Problem details:
In the records that follow, find the line with "by linarith"; from there, retype every line exactly through the line with "d \<le> (\<delta>", which also belongs to the answer.

§ §

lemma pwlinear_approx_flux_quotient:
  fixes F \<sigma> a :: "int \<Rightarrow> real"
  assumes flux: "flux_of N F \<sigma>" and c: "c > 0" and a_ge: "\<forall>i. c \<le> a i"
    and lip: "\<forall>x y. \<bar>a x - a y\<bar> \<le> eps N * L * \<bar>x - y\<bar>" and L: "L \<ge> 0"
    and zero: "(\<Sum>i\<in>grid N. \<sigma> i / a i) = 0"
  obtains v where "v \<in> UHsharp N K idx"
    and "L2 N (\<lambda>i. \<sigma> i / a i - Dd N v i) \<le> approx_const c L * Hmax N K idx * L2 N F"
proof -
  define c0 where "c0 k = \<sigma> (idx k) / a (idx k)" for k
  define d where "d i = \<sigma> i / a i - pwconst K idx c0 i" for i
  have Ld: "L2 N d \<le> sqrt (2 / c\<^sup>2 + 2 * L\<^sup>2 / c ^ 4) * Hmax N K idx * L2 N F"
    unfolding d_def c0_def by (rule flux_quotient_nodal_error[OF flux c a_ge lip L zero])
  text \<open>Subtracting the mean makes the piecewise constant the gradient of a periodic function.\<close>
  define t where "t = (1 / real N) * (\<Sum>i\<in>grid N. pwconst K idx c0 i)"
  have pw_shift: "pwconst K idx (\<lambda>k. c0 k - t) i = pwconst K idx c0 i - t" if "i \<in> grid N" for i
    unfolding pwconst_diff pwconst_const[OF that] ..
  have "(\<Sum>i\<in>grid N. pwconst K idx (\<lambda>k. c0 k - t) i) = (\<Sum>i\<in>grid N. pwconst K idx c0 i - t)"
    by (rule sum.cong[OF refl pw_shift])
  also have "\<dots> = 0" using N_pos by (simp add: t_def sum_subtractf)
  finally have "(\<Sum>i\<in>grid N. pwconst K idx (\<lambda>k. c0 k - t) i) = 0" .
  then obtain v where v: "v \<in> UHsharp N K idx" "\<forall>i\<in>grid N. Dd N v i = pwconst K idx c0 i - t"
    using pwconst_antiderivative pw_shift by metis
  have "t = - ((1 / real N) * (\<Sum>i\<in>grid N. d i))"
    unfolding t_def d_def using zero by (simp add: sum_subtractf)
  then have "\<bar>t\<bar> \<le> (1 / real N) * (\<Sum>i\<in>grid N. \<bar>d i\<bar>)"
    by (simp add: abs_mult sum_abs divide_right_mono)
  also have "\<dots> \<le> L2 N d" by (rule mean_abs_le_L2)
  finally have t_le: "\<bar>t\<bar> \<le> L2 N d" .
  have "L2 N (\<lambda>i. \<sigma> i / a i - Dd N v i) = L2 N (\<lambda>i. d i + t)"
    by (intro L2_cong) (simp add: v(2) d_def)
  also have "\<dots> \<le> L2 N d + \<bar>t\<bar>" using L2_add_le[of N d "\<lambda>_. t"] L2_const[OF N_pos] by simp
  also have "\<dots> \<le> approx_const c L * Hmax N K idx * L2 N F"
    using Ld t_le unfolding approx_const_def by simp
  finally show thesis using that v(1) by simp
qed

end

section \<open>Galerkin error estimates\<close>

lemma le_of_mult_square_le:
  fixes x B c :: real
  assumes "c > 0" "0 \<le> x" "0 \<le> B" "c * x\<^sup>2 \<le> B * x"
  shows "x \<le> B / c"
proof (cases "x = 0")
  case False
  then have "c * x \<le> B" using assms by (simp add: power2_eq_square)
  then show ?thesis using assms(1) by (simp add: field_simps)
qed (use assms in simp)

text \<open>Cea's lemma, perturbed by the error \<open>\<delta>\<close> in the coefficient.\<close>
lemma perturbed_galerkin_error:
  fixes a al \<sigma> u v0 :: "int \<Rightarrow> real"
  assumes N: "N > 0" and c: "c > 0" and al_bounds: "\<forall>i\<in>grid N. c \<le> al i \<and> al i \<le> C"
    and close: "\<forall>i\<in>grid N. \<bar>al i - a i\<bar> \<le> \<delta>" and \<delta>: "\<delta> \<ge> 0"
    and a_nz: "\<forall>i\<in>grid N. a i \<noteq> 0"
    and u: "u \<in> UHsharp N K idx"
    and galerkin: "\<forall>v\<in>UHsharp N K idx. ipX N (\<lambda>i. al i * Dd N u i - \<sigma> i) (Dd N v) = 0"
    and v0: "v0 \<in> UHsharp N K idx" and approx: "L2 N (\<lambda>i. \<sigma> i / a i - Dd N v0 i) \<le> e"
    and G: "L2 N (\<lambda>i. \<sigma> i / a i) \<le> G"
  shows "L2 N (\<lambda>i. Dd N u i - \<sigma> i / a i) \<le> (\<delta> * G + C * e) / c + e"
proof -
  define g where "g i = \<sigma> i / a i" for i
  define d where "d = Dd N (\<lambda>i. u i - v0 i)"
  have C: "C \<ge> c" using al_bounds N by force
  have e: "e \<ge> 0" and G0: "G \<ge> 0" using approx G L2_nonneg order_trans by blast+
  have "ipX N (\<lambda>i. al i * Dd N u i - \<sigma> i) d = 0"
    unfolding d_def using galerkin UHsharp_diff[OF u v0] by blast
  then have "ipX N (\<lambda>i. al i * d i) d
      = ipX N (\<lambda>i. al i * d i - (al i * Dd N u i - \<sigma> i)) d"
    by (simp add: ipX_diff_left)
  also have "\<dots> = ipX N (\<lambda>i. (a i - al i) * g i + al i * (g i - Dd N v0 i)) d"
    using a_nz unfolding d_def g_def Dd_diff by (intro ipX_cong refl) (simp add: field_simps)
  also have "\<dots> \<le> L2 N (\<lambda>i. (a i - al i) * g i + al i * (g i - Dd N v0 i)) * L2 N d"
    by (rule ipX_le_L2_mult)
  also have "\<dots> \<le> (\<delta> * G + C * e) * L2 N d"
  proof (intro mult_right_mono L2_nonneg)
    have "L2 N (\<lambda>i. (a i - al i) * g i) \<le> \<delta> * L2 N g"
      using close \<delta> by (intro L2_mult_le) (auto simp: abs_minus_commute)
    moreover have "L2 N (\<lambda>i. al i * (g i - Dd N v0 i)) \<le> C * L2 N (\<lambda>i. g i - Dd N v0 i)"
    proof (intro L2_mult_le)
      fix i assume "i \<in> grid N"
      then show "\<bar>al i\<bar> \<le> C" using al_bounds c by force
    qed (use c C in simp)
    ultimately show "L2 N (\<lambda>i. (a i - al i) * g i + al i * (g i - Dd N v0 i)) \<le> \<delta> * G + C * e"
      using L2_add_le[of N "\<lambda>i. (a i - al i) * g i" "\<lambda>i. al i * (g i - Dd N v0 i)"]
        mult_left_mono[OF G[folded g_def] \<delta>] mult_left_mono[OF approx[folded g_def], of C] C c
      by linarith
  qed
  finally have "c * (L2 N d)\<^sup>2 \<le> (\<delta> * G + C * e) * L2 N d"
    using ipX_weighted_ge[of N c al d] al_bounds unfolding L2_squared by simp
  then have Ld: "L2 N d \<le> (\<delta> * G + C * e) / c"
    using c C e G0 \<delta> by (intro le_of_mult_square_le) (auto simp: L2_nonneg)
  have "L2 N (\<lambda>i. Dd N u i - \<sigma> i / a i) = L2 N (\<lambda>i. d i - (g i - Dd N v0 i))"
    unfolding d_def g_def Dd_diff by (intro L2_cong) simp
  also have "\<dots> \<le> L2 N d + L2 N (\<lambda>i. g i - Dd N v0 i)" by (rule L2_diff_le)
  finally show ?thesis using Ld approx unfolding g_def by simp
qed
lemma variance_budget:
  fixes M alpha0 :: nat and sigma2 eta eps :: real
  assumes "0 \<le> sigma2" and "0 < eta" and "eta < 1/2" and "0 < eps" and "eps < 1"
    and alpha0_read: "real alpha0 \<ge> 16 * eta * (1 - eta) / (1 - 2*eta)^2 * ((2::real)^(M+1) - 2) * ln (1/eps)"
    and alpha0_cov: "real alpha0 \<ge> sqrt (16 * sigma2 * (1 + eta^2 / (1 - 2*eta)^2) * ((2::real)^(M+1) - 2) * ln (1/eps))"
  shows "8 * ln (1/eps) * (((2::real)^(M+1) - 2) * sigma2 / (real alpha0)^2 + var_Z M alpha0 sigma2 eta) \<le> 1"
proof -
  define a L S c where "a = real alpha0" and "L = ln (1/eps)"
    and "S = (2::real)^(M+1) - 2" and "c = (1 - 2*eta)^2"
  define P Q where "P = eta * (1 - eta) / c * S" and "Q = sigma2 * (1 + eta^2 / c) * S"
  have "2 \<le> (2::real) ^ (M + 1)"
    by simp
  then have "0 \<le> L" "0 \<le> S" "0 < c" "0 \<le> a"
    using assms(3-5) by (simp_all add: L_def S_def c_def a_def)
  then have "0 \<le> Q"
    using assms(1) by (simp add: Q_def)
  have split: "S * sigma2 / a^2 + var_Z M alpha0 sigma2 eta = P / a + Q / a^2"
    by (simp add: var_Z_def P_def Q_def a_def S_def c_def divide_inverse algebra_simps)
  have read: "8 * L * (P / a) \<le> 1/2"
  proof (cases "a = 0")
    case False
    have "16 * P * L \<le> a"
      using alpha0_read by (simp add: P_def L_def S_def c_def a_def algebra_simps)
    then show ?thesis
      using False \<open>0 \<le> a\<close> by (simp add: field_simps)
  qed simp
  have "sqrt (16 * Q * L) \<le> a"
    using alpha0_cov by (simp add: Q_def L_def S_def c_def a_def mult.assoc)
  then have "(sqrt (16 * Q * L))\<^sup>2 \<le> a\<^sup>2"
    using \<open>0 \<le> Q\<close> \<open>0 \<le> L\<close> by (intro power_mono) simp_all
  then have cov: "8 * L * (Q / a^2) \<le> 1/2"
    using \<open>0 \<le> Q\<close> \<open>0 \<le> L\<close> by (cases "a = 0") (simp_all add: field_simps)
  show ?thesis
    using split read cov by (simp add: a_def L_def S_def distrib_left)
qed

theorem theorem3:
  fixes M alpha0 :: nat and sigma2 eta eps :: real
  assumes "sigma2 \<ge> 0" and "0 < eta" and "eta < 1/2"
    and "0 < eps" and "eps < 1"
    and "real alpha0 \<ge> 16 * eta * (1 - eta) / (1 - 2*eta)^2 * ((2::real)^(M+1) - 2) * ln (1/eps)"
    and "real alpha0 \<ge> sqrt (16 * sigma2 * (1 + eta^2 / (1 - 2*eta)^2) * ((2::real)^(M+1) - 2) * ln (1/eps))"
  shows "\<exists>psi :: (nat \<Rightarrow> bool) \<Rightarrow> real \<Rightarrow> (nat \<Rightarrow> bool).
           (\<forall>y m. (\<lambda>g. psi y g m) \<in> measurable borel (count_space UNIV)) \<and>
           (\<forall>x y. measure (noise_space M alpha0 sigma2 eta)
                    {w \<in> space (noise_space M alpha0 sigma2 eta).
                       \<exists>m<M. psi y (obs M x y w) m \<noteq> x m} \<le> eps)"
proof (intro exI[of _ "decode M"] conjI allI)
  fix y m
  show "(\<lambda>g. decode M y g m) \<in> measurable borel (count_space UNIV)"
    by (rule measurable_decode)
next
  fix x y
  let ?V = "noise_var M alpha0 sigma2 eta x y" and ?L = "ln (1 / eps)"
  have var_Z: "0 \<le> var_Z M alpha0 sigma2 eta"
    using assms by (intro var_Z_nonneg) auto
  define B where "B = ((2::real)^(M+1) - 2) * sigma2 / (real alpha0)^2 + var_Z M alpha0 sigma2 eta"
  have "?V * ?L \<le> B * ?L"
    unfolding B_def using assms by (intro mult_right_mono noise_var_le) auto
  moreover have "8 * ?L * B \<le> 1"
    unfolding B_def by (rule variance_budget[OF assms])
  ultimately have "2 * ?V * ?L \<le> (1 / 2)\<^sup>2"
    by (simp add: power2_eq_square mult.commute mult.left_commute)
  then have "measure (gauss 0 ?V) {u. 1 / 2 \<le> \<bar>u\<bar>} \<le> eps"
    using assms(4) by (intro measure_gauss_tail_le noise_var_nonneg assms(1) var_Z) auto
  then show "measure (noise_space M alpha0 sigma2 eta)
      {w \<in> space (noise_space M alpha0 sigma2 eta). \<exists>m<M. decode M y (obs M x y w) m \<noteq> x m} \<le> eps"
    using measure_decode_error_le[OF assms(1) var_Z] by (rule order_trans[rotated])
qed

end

§ §

Response to this exercise:
      by linarith
  qed
  finally have "c * (L2 N d)\<^sup>2 \<le> (\<delta> * G + C * e) * L2 N d"
    using ipX_weighted_ge[of N c al d] al_bounds unfolding L2_squared by simp
  then have Ld: "L2 N d \<le> (\<delta> * G + C * e) / c"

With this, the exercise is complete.